Task brief:
Needed from the entries below: every line that holds the word "shows".

___ Available data ___

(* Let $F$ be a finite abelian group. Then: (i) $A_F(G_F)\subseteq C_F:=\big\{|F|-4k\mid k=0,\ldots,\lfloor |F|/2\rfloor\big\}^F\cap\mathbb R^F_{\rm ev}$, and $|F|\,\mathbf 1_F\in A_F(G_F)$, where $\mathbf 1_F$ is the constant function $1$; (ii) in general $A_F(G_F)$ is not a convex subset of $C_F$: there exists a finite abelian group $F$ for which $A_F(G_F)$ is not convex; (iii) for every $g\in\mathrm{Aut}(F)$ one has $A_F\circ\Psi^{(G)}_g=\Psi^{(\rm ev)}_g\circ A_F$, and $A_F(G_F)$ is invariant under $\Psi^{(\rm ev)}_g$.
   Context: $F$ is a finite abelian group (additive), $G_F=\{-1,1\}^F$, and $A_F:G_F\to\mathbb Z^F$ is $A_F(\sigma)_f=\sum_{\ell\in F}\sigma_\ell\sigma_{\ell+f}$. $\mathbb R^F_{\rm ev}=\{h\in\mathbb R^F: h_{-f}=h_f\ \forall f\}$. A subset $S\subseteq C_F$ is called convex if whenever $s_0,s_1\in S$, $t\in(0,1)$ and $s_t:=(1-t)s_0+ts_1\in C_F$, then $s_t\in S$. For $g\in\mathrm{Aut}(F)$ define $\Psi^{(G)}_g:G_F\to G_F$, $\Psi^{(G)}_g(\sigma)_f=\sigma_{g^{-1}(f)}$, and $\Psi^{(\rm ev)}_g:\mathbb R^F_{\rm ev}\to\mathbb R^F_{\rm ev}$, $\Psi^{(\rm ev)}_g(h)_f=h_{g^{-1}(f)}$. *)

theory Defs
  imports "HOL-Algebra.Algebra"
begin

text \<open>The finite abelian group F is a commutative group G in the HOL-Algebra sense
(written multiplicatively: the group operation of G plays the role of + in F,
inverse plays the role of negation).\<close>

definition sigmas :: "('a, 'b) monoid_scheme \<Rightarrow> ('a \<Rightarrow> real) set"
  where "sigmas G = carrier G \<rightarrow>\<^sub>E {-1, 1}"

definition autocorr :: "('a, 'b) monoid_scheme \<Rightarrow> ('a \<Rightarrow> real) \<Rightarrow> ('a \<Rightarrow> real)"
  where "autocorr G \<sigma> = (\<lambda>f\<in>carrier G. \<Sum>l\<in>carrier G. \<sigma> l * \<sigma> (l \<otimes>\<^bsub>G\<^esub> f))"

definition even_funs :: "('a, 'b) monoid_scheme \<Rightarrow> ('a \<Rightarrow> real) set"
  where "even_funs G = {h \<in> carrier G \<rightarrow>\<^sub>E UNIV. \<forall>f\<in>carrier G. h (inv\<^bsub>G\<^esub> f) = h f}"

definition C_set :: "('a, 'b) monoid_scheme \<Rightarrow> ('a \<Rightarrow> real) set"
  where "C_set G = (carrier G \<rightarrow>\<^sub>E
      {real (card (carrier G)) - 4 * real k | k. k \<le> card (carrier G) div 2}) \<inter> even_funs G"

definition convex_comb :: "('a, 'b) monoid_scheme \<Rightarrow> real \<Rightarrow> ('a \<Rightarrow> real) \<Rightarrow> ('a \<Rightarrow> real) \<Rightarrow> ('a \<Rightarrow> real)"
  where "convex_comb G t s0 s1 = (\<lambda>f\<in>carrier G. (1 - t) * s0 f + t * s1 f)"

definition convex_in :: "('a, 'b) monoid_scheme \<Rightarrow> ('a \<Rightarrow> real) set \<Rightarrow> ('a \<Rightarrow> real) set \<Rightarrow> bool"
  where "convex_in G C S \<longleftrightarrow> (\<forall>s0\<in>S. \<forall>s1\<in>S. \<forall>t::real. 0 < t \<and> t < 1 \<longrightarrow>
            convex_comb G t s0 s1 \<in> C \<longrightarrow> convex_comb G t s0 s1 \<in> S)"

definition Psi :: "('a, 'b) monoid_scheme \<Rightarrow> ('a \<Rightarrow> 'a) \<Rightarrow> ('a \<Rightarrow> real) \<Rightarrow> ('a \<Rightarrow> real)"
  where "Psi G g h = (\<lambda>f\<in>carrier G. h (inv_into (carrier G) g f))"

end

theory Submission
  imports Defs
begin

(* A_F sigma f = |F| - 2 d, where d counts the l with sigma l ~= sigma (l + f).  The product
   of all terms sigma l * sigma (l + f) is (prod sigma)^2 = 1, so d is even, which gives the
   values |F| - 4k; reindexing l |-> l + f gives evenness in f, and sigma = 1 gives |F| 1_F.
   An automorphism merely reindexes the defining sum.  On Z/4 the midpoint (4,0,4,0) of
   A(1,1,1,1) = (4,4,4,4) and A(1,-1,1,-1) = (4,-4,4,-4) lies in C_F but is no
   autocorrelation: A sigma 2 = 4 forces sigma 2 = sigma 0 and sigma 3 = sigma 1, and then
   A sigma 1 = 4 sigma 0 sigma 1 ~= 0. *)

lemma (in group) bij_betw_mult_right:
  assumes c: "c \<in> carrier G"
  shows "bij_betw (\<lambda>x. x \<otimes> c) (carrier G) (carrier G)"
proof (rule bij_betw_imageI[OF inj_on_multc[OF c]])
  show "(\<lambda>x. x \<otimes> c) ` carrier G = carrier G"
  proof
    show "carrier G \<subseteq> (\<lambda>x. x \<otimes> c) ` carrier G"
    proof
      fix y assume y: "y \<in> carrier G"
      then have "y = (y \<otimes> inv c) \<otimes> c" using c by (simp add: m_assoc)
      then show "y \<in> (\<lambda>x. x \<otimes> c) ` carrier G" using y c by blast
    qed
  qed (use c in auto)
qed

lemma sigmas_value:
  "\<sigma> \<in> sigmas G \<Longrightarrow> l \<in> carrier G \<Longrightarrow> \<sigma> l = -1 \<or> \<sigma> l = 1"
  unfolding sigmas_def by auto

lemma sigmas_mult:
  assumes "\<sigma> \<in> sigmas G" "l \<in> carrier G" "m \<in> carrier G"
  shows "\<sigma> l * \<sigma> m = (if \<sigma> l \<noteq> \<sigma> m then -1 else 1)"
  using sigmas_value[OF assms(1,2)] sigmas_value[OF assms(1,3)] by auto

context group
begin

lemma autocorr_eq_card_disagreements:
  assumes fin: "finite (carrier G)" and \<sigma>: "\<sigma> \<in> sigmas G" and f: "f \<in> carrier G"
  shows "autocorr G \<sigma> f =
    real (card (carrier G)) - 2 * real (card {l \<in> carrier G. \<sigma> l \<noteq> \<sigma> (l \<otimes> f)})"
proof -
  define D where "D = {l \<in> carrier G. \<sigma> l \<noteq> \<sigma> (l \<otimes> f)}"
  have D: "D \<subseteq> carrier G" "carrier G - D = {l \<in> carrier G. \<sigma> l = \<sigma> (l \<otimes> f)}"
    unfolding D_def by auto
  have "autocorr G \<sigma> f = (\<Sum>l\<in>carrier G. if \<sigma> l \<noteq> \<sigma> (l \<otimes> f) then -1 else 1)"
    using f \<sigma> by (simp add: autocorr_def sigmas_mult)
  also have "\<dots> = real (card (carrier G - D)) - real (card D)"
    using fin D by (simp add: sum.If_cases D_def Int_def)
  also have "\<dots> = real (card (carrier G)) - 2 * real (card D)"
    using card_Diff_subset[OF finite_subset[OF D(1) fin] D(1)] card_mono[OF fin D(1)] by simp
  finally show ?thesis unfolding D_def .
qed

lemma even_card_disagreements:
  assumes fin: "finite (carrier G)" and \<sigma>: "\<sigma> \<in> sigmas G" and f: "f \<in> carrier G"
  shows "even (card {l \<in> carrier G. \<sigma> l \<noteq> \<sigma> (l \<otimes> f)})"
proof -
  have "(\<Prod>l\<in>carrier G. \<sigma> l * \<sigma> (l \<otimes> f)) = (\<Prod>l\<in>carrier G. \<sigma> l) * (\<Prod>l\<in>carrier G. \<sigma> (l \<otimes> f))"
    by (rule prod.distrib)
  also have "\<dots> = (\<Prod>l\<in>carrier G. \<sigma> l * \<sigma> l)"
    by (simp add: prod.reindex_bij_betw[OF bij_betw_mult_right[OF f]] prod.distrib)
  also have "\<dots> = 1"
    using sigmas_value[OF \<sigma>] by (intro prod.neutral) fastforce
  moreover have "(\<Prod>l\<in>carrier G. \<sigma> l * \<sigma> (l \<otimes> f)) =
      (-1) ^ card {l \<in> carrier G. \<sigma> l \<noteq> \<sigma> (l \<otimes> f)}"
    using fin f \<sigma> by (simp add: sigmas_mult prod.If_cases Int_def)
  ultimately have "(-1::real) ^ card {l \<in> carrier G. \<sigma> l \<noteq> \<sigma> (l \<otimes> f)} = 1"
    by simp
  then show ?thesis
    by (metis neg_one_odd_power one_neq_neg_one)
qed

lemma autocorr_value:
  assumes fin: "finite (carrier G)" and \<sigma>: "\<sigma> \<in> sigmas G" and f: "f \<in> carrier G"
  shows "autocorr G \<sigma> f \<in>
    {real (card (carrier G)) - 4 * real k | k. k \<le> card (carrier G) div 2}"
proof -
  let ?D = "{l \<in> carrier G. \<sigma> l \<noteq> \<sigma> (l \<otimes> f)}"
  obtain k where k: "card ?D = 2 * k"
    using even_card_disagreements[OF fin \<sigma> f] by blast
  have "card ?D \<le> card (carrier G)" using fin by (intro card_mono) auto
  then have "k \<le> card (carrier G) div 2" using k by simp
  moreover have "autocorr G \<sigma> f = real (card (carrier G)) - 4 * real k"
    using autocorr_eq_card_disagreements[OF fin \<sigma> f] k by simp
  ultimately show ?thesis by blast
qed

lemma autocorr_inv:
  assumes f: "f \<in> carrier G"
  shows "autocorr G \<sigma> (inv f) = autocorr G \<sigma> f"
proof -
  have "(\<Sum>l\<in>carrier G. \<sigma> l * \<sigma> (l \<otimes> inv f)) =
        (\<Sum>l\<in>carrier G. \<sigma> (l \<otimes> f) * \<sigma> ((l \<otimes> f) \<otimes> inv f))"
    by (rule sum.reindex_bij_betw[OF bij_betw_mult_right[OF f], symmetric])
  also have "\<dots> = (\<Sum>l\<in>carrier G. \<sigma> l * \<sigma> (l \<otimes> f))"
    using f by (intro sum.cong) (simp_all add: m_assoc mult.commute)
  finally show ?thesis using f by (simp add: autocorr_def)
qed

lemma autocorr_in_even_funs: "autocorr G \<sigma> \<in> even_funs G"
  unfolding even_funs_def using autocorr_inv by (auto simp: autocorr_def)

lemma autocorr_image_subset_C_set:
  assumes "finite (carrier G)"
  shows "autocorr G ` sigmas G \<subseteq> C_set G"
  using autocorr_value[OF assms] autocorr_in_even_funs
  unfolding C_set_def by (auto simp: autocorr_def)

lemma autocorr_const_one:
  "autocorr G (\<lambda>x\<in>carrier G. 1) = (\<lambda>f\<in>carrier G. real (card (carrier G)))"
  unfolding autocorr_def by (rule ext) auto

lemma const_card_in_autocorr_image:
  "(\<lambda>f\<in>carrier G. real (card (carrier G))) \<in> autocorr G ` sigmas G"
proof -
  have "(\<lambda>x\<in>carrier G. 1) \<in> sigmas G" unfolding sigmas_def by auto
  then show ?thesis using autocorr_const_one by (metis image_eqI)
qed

___

Answer to the problem:
  shows "bij_betw (\<lambda>x. x \<otimes> c) (carrier G) (carrier G)"
  shows "\<sigma> l * \<sigma> m = (if \<sigma> l \<noteq> \<sigma> m then -1 else 1)"
  shows "autocorr G \<sigma> f =
  shows "even (card {l \<in> carrier G. \<sigma> l \<noteq> \<sigma> (l \<otimes> f)})"
  shows "autocorr G \<sigma> f \<in>
  shows "autocorr G \<sigma> (inv f) = autocorr G \<sigma> f"
  shows "autocorr G ` sigmas G \<subseteq> C_set G"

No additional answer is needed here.